● YOUR GOAL: Give back word for word every line from the one that includes "mult_left_mono power_mono) auto" through the last line of the listing, and nothing besides.

● RECORDS:

theorem proposition4:
  fixes M :: "'w measure"
    and X :: "'w \<Rightarrow> path" and z :: "'w \<Rightarrow> nat \<Rightarrow> real" and y :: "'w \<Rightarrow> real"
    and Xs :: "nat \<Rightarrow> 'w \<Rightarrow> path" and zs :: "nat \<Rightarrow> 'w \<Rightarrow> nat \<Rightarrow> real" and ys :: "nat \<Rightarrow> 'w \<Rightarrow> real"
    and d q :: nat and T :: real and x0 :: "nat \<Rightarrow> real"
    and F :: "path \<Rightarrow> real" and \<gamma> :: "nat \<Rightarrow> real"
    and C_F C_\<gamma> C_X C_z r \<rho> C_pen :: real
    and pstar :: nat and \<theta>star :: "nat list + nat \<Rightarrow> real"
    and n p :: nat
    and C c5 :: real and L :: "nat \<Rightarrow> real" and n3 :: nat
  assumes M: "prob_space M"
    and T: "T > 0" and d: "d \<ge> 2" and q: "q \<ge> 1"
    and \<rho>: "0 < \<rho>" "\<rho> < 1/2" and Cpen: "C_pen > 0"
    \<comment> \<open>the random triple (X, z, y) and its i.i.d. copies\<close>
    and X_meas: "X \<in> M \<rightarrow>\<^sub>M path_space" and z_meas: "z \<in> M \<rightarrow>\<^sub>M vec_space"
    and y_meas: "y \<in> borel_measurable M"
    and X_dom: "\<forall>\<omega>\<in>space M. X \<omega> \<in> path_dom d T x0"
    and y01: "\<forall>\<omega>\<in>space M. y \<omega> \<in> {0, 1}"
    and samples_meas: "\<forall>i. (\<lambda>\<omega>. ((Xs i \<omega>, zs i \<omega>), ys i \<omega>)) \<in> M \<rightarrow>\<^sub>M triple_space"
    and samples_indep: "prob_space.indep_vars M (\<lambda>_. triple_space) (\<lambda>i \<omega>. ((Xs i \<omega>, zs i \<omega>), ys i \<omega>)) UNIV"
    and samples_distr: "\<forall>i. distr M triple_space (\<lambda>\<omega>. ((Xs i \<omega>, zs i \<omega>), ys i \<omega>))
                          = distr M triple_space (\<lambda>\<omega>. ((X \<omega>, z \<omega>), y \<omega>))"
    and Xs_dom: "\<forall>i. \<forall>\<omega>\<in>space M. Xs i \<omega> \<in> path_dom d T x0"
    and ys01: "\<forall>i. \<forall>\<omega>\<in>space M. ys i \<omega> \<in> {0, 1}"
    \<comment> \<open>the logistic model: logit P(y = 1 | X, z) = F(X) + z^T gamma\<close>
    and F_cont: "cont_functional d T x0 F"
    and F_meas: "(\<lambda>\<omega>. F (X \<omega>)) \<in> borel_measurable M"
    and logit: "\<forall>A \<in> sets (path_space \<Otimes>\<^sub>M vec_space).
       measure M {\<omega> \<in> space M. y \<omega> = 1 \<and> (X \<omega>, z \<omega>) \<in> A}
       = (\<integral>\<omega>. indicator A (X \<omega>, z \<omega>) * sigmoid (F (X \<omega>) + (\<Sum>j<q. z \<omega> j * \<gamma> j)) \<partial>M)"
    \<comment> \<open>(A.1)\<close>
    and A1_F: "\<exists>c < C_F. \<forall>Y \<in> path_dom d T x0. \<bar>F Y\<bar> \<le> c"
    and A1_\<gamma>: "(\<Sum>j<q. \<bar>\<gamma> j\<bar>) \<le> C_\<gamma>"
    \<comment> \<open>(A.2), for the triple and for its copies\<close>
    and A2: "AE \<omega> in M. tv d T (X \<omega>) < ereal C_X \<and> vnorm q (z \<omega>) < C_z"
    and A2s: "\<forall>i. AE \<omega> in M. tv d T (Xs i \<omega>) < ereal C_X \<and> vnorm q (zs i \<omega>) < C_z"
    \<comment> \<open>(A.4)\<close>
    and A4: "(INF G\<gamma> \<in> {(G, \<gamma>'). cont_functional d T x0 G \<and> (\<forall>Y\<in>path_dom d T x0. \<bar>G Y\<bar> \<le> C_F)
                              \<and> (\<Sum>j<q. \<bar>\<gamma>' j\<bar>) \<le> C_\<gamma>}.
               \<integral>\<omega>. logloss (y \<omega>) (fst G\<gamma> (X \<omega>) + (\<Sum>j<q. z \<omega> j * snd G\<gamma> j)) \<partial>M)
            \<le> (INF p\<theta> \<in> (SIGMA p:UNIV. coef_space d p q). risk M X z y d T q (fst p\<theta>) (snd p\<theta>))"
    \<comment> \<open>(A.3)\<close>
    and r: "r > 0"
    and A3_attain: "\<theta>star \<in> ball1 d pstar q r"
    and A3_opt: "risk M X z y d T q pstar \<theta>star
                   = (INF p\<theta> \<in> (SIGMA p:UNIV. coef_space d p q). risk M X z y d T q (fst p\<theta>) (snd p\<theta>))"
    and A3_min: "\<forall>p' < pstar. \<not> (\<exists>\<theta> \<in> ball1 d p' q r. risk M X z y d T q p' \<theta>
                   = (INF p\<theta> \<in> (SIGMA p:UNIV. coef_space d p q). risk M X z y d T q (fst p\<theta>) (snd p\<theta>)))"
    and C_def: "C = 2 * (C_z + exp (C_X + T))"
    and L_def: "L = (\<lambda>p. (INF \<theta> \<in> ball1 d p q r. risk M X z y d T q p \<theta>))"
    and c5_def: "c5 = 1 / (8 * r * (288 * C\<^sup>2 * r + C))"
    and n3_def: "n3 = nat \<lceil>((2 * sqrt (real (sd d pstar + q)) / (L (pstar - 1) - risk M X z y d T q pstar \<theta>star))
                      * (sqrt (exp (real q)) * C_pen + 432 * C * r * sqrt pi)) powr (1 / \<rho>)\<rceil>"
    and p: "p < pstar" and n: "n \<ge> n3"
  shows "measure M {\<omega> \<in> space M. p_hat Xs zs ys d T q r C_pen \<rho> n \<omega> = p}
           \<le> 148 * exp (- real n * (c5 / 4) *
                 (L p - L pstar - pen C_pen \<rho> d n pstar q + pen C_pen \<rho> d n p q)\<^sup>2)"
proof -
  have "1 \<le> d" using d by simp
  interpret logistic_signature_model M X z y Xs zs ys d q T x0 C_X C_z r C_pen \<rho>
    by (rule logistic_signature_model.intro[OF M T \<open>1 \<le> d\<close> X_meas z_meas y_meas X_dom y01
          samples_meas samples_indep samples_distr Xs_dom ys01 A2 r Cpen])
  have L_eq: "L = Lmin" and C_eq: "C = 2 * B" by (simp_all add: L_def Lmin_def fun_eq_iff C_def B_def)
  have Rs: "risk M X z y d T q pstar \<theta>star = risk_inf" using A3_opt by (simp add: risk_inf_def)
  define gap where "gap = L (pstar - 1) - risk M X z y d T q pstar \<theta>star"
  have "0 < gap"
    using risk_lt_Lmin_pred[OF A3_attain Rs] A3_min p by (simp add: gap_def L_eq risk_inf_def)
  have "0 < 432 * C * r * sqrt pi" using B_pos r by (simp add: C_eq)
  note sample_size = sample_size_bounds[OF \<open>0 < gap\<close> this Cpen \<rho> n[unfolded n3_def, folded gap_def]]
  define \<Delta> where "\<Delta> = Lmin p - Lmin pstar - pen C_pen \<rho> d n pstar q + pen C_pen \<rho> d n p q"
  have "gap / 2 \<le> \<Delta>"
    using half_gap_le_margin[OF A3_attain Rs p] sample_size(2) by (simp add: \<Delta>_def gap_def L_eq)
  then have "n * (gap / 2)\<^sup>2 \<le> n * \<Delta>\<^sup>2" using \<open>0 < gap\<close> by (intro mult_left_mono power_mono) auto
  with sample_size(3) have "real (sd d pstar + q) * (432 * (2 * B) * r * sqrt pi)\<^sup>2 \<le> n * \<Delta>\<^sup>2"
    by (simp add: C_eq)
  from prob_p_hat_eq_le_exp[OF sample_size(1) \<Delta>_def _ less_imp_le[OF p] this c5_def[unfolded C_eq]]
  show ?thesis using \<open>gap / 2 \<le> \<Delta>\<close> \<open>0 < gap\<close> by (simp add: \<Delta>_def L_eq)
qed

end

● ANSWER BELOW:
  then have "n * (gap / 2)\<^sup>2 \<le> n * \<Delta>\<^sup>2" using \<open>0 < gap\<close> by (intro mult_left_mono power_mono) auto
  with sample_size(3) have "real (sd d pstar + q) * (432 * (2 * B) * r * sqrt pi)\<^sup>2 \<le> n * \<Delta>\<^sup>2"
    by (simp add: C_eq)
  from prob_p_hat_eq_le_exp[OF sample_size(1) \<Delta>_def _ less_imp_le[OF p] this c5_def[unfolded C_eq]]
  show ?thesis using \<open>gap / 2 \<le> \<Delta>\<close> \<open>0 < gap\<close> by (simp add: \<Delta>_def L_eq)
qed

end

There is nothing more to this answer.